Raizen stared at her.

"Alteea? In the Underworks?"

"That’s the hunch."

"What for?"

"I told you - I don’t know."

The corridor stretched away on both sides of them, dim and silent, the lower archive level still humming in the background with the deep mechanical pulse of the Heart’s distant operations. Raizen pushed both hands through his hair. The headache behind his eyes was settling in for a longer stay than he’d hoped.

"Why do you think she went down there?"

Kori shrugged. "The trade routes have been getting more active lately. Bigger shipments, more scrap or low-quality Luminite, more frequent. The Underworks is moving more goods than it was two months ago, and some smugglers aren’t being slowed down. The patrols aren’t being increased. Whoever’s running things down there is operating with complete confidence. Which usually means they are either extremely dangerous or have a deal with someone from up here."

"And the Council?"

"Ab-so-lu-te-ly hates it!" Kori let out a small laugh, grabbing her own stomach, as if it was the funniest thing in the whole world. "The cheaper goods that come up from below are eating into the Council families’ import margins. The expensive things they’re used to selling at marked-up prices - The Underworks markets have ’em for a fraction of the cost. Not the same quality, of course, but close enough that customers don’t always care."

"So why doesn’t the Council shut it down?"

"They want to, but they can’t."

"They can’t?"

"Darling, we met in the Underworks. Has that thick head of yours already forgot? We’re talking about The Underworks." She flicked Raizen’s forehead with one finger. "The Council has political power. The Underworks has logistics. And right now, the Underworks logistics network is more sophisticated than the Council’s enforcement capacity. Wardens don’t go below the third sub-level without orders or strong guts, and orders haven’t been coming. Ever since the Marcus drama you and Feris caused, the Wardens haven’t set one foot down there. Alteea’s been... Distracted, and The Council doesn’t do anything except discuss and plan. But they absolutely suck at putting those plans in action, so they depend on someone like Solomon or Alteea."

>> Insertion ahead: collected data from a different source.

lemma successful_manip_if_uniformly_better:
  assumes shortlist: "R PP c B Ps = SP" and shortlist': "R PP c B (Ps[i := P']) = SP'"
    and better: "\<And>As As'. length As = length Ps \<Longrightarrow> profile_on SP As \<Longrightarrow>
      length As' = length Ps \<Longrightarrow> profile_on SP' As' \<Longrightarrow>
      strict_pref M c (top c B (prefs ! i) (SP \<union> SP'))
        (F_star M F prefs i SP' c B As') (F_star M F prefs i SP c B As)"
    and "length prefs = length Ps"
    and "\<forall>r\<in>set prefs. top c B r SP \<subseteq> SP \<and> top c B r SP' \<subseteq> SP'"
  shows "successful_manip k M R F prefs PP c B Ps i P'"
proof -
  let ?profs = "\<lambda>X. {As. length As = length Ps \<and> profile_on X As}"
  let ?Q = "top c B (prefs ! i) (SP \<union> SP')"
  let ?Fs = "F_star M F prefs i"
  have all_strict:
    "\<forall>A\<in>?profs SP. \<forall>A'\<in>?profs SP'. strict_pref M c ?Q (?Fs SP' c B A') (?Fs SP c B A)"
    using better by blast
  have "replicate (length Ps) {} \<in> ?profs X" for X by (simp add: profile_on_def)
  then have ex_strict:
    "\<exists>A\<in>?profs SP. \<exists>A'\<in>?profs SP'. strict_pref M c ?Q (?Fs SP' c B A') (?Fs SP c B A)"
    using all_strict by blast
  have truthful_profiles: "profile_on SP (map (\<lambda>r. top c B r SP) prefs)"
    and manipulated_profiles: "profile_on SP' (map (\<lambda>r. top c B r SP') prefs)"
    using assms(5) by (auto simp: profile_on_def)
  note unfold_manip = successful_manip_def Let_def shortlist shortlist'
  show ?thesis
  proof (cases k)
    case Pessimistic
    show ?thesis unfolding unfold_manip Pessimistic
      using all_strict ex_strict by (simp add: strict_pref_def)
  next
    case Optimistic
    show ?thesis unfolding unfold_manip Optimistic
      using ex_strict by simp
  next
    case Anticipative
    show ?thesis unfolding unfold_manip Anticipative
      using better[OF _ truthful_profiles _ manipulated_profiles] assms(4) by simp
  qed
qed

definition index_order :: "nat rel" where
  "index_order = {(x, y). x < y}"

lemma strict_linear_order_on_index_order: "strict_linear_order_on A index_order"
  by (auto simp: index_order_def strict_linear_order_on_def trans_def irrefl_def total_on_def)

lemma order_list_index_order:
  assumes "sorted xs" "distinct xs"
  shows "order_list index_order (set xs) = xs"
  unfolding order_list_def
proof (rule the_equality)
  show "set xs = set xs \<and> distinct xs \<and> sorted_wrt (\<lambda>x y. (x, y) \<in> index_order) xs"
    using assms by (simp add: index_order_def strict_sorted_iff)
next
  fix ys assume "set ys = set xs \<and> distinct ys \<and> sorted_wrt (\<lambda>x y. (x, y) \<in> index_order) ys"
  then show "ys = xs"
    using assms sorted_distinct_set_unique by (auto simp: index_order_def strict_sorted_iff)
qed

lemma top_index_order:
  assumes "sorted xs" "distinct xs"
  shows "top c B index_order (set xs) =
    foldl (\<lambda>S x. if sum c S + c x \<le> B then insert x S else S) {} xs"
  by (simp add: top_def greed_def order_list_index_order[OF assms])

lemma foldl_greedy_subset:
  "foldl (\<lambda>S x. if sum c S + c x \<le> B then insert x S else S) S0 xs \<subseteq> S0 \<union> set xs"
proof (induction xs arbitrary: S0)
  case (Cons x xs)
  let ?step = "\<lambda>S x. if sum c S + c x \<le> B then insert x S else S"
  have "foldl ?step (?step S0 x) xs \<subseteq> ?step S0 x \<union> set xs" by (rule Cons.IH)
  then show ?case by auto
qed simp

lemma top_index_order_subset:
  assumes "finite S"
  shows "top c B index_order S \<subseteq> S"
proof -
  have "top c B index_order S =
      foldl (\<lambda>S x. if sum c S + c x \<le> B then insert x S else S) {} (sorted_list_of_set S)"
    using top_index_order[of "sorted_list_of_set S"] assms by simp
  also have "\<dots> \<subseteq> set (sorted_list_of_set S)"
    using foldl_greedy_subset[of c B "{}"] by simp
  finally show ?thesis using assms by simp
qed

definition example_cost :: "nat \<Rightarrow> nat" where
  "example_cost p = (if p = 1 then 2 else 1)"

lemma example_top:
  "top example_cost 2 index_order {1, 2} = {1}"
  "top example_cost 2 index_order {0, 2} = {0, 2}"
  "top example_cost 2 index_order {0, 1, 2} = {0, 2}"
  using top_index_order[of "[1, 2]"] top_index_order[of "[0, 2]"] top_index_order[of "[0, 1, 2]"]
  by (simp_all add: example_cost_def insert_commute)

lemma example_valid_instance: "S \<subseteq> {0, 1, 2} \<Longrightarrow> valid_instance S example_cost 2"
  by (auto simp: valid_instance_def example_cost_def intro: finite_subset)

lemma example_shortlists:
  assumes "is_shortlisting_rule R" "non_wasteful R"
  shows "R {0, 1, 2} example_cost 2 [{1}, {0}] \<subseteq> {0, 1}"
    and "R {0, 1, 2} example_cost 2 ([{1}, {0}][0 := {2}]) = {0, 2}"
proof -
  have valid: "valid_instance {0, 1, 2} example_cost 2" by (rule example_valid_instance) simp
  show "R {0, 1, 2} example_cost 2 [{1}, {0}] \<subseteq> {0, 1}"
    using assms(1) valid unfolding is_shortlisting_rule_def by (force simp: profile_on_def)
  show "R {0, 1, 2} example_cost 2 ([{1}, {0}][0 := {2}]) = {0, 2}"
    using non_wasteful_eq_if_affordable[OF assms valid, of "[{2}, {0}]"]
    by (auto simp: profile_on_def example_cost_def)
qed

lemma example_truthful_value:
  assumes "is_allocation_rule F" "SP \<subseteq> {0, 1}" "profile_on SP As"
  shows "pref_value M example_cost {0, 2} (F_star M F prefs i SP example_cost 2 As) \<le> 1"
proof -
  let ?A = "F_star M F prefs i SP example_cost 2 As"
  have "valid_instance SP example_cost 2" using assms(2) by (intro example_valid_instance) auto
  then have "?A \<subseteq> {0, 1}"
    using F_star_subset[OF assms(1) _ assms(3)] assms(2) by blast
  then have "?A \<inter> {0, 2} \<subseteq> {0} \<inter> {0, 2}" by auto
  then have "pref_value M example_cost {0, 2} ?A \<le> pref_value M example_cost {0, 2} {0}"
    by (intro pref_value_mono) simp_all
  then show ?thesis by (cases M) (simp_all add: pref_value_def example_cost_def)
qed

lemma example_manipulated_value:
  assumes "exhaustive_rule F" "is_allocation_rule F" "profile_on {0, 2} As"
  shows "pref_value M example_cost {0, 2} (F_star M F prefs i {0, 2} example_cost 2 As) = 2"
proof -
  have "sum example_cost {0, 2} \<le> 2" by (simp add: example_cost_def)
  moreover have "exhaustive {0, 2} example_cost 2 (F_star M F prefs i {0, 2} example_cost 2 As)"
    by (rule F_star_exhaustive[OF assms(1,2) example_valid_instance assms(3)]) auto
  ultimately have "F_star M F prefs i {0, 2} example_cost 2 As = {0, 2}"
    by (intro exhaustive_eq_if_affordable) simp_all
  then show ?thesis by (cases M) (simp_all add: pref_value_def example_cost_def)
qed

lemma example_manipulation_successful:
  assumes "is_shortlisting_rule R" "non_wasteful R" "is_allocation_rule F" "exhaustive_rule F"
  shows "successful_manip k M R F [index_order, index_order] {0, 1, 2} example_cost 2 [{1}, {0}] 0 {2}"
proof -
  define SP where "SP = R {0, 1, 2} example_cost 2 [{1}, {0}]"
  have SP_sub: "SP \<subseteq> {0, 1}" unfolding SP_def by (rule example_shortlists(1)[OF assms(1,2)])
  then have "SP \<union> {0, 2} = {0, 2} \<or> SP \<union> {0, 2} = {0, 1, 2}" by blast
  then have Q: "top example_cost 2 ([index_order, index_order] ! 0) (SP \<union> {0, 2}) = {0, 2}"
    using example_top by auto
  have better: "strict_pref M example_cost {0, 2}
      (F_star M F prefs i {0, 2} example_cost 2 As') (F_star M F prefs i SP example_cost 2 As)"
    if "profile_on SP As" "profile_on {0, 2} As'" for prefs i As As'
    using example_truthful_value[where M = M and prefs = prefs and i = i, OF assms(3) SP_sub that(1)]
      example_manipulated_value[where M = M and prefs = prefs and i = i, OF assms(4,3) that(2)]
    by (simp add: strict_pref_iff_pref_value)
  have "finite SP" using SP_sub finite_subset by auto
  then have "top example_cost 2 index_order SP \<subseteq> SP"
    and "top example_cost 2 index_order {0, 2} \<subseteq> {0, 2}"
    using top_index_order_subset by simp_all
  then show ?thesis
    by (intro successful_manip_if_uniformly_better[where R = R and Ps = "[{1}, {0}]" and i = 0,
          OF SP_def[symmetric] example_shortlists(2)[OF assms(1,2)]])
      (simp_all add: Q[simplified] better)
qed

theorem theorem1:
  fixes M :: pref_model and R F :: rule
  assumes "is_shortlisting_rule R" and "non_wasteful R"
    and "is_allocation_rule F" and "exhaustive_rule F"
  shows "\<not> R_FSSP Pessimistic M R F \<and> \<not> R_FSSP Anticipative M R F \<and> \<not> R_FSSP Optimistic M R F"
proof -
  have "\<not> R_FSSP k M R F" for k
  proof
    assume no_manip: "R_FSSP k M R F"
    have "\<not> successful_manip k M R F [index_order, index_order] {0, 1, 2} example_cost 2
        ([{1}, {0}][0 := top example_cost 2 ([index_order, index_order] ! 0) ([{1, 2}, {0}] ! 0)]) 0 {2}"
      by (rule no_manip[unfolded R_FSSP_def, rule_format,
            of "{0, 1, 2}" example_cost 2 "[{1, 2}, {0}]" "[{1}, {0}]" "[index_order, index_order]" 0 "{2}"])
        (auto simp: less_Suc_eq valid_instance_def example_cost_def strict_linear_order_on_index_order)
    then show False
      using example_manipulation_successful[OF assms] example_top(1) by simp
  qed
  then show ?thesis by blast
qed

end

Raizen processed everything. The image he held of the Underworks - Obi’s forge, Cinderette’s flowers, Granny Louissa’s stews, the families he’d come to know in the months before Neoshima and the Academy - sat next to the new information without quite fitting. The Underworks of his memory was a place where life was hard and people were all smuggling behind each other’s backs. The Underworks Kori was describing was a place where life was getting easier, where someone down there was pushing growth, where the trade routes Obi worked on the edges of were becoming a serious commercial network.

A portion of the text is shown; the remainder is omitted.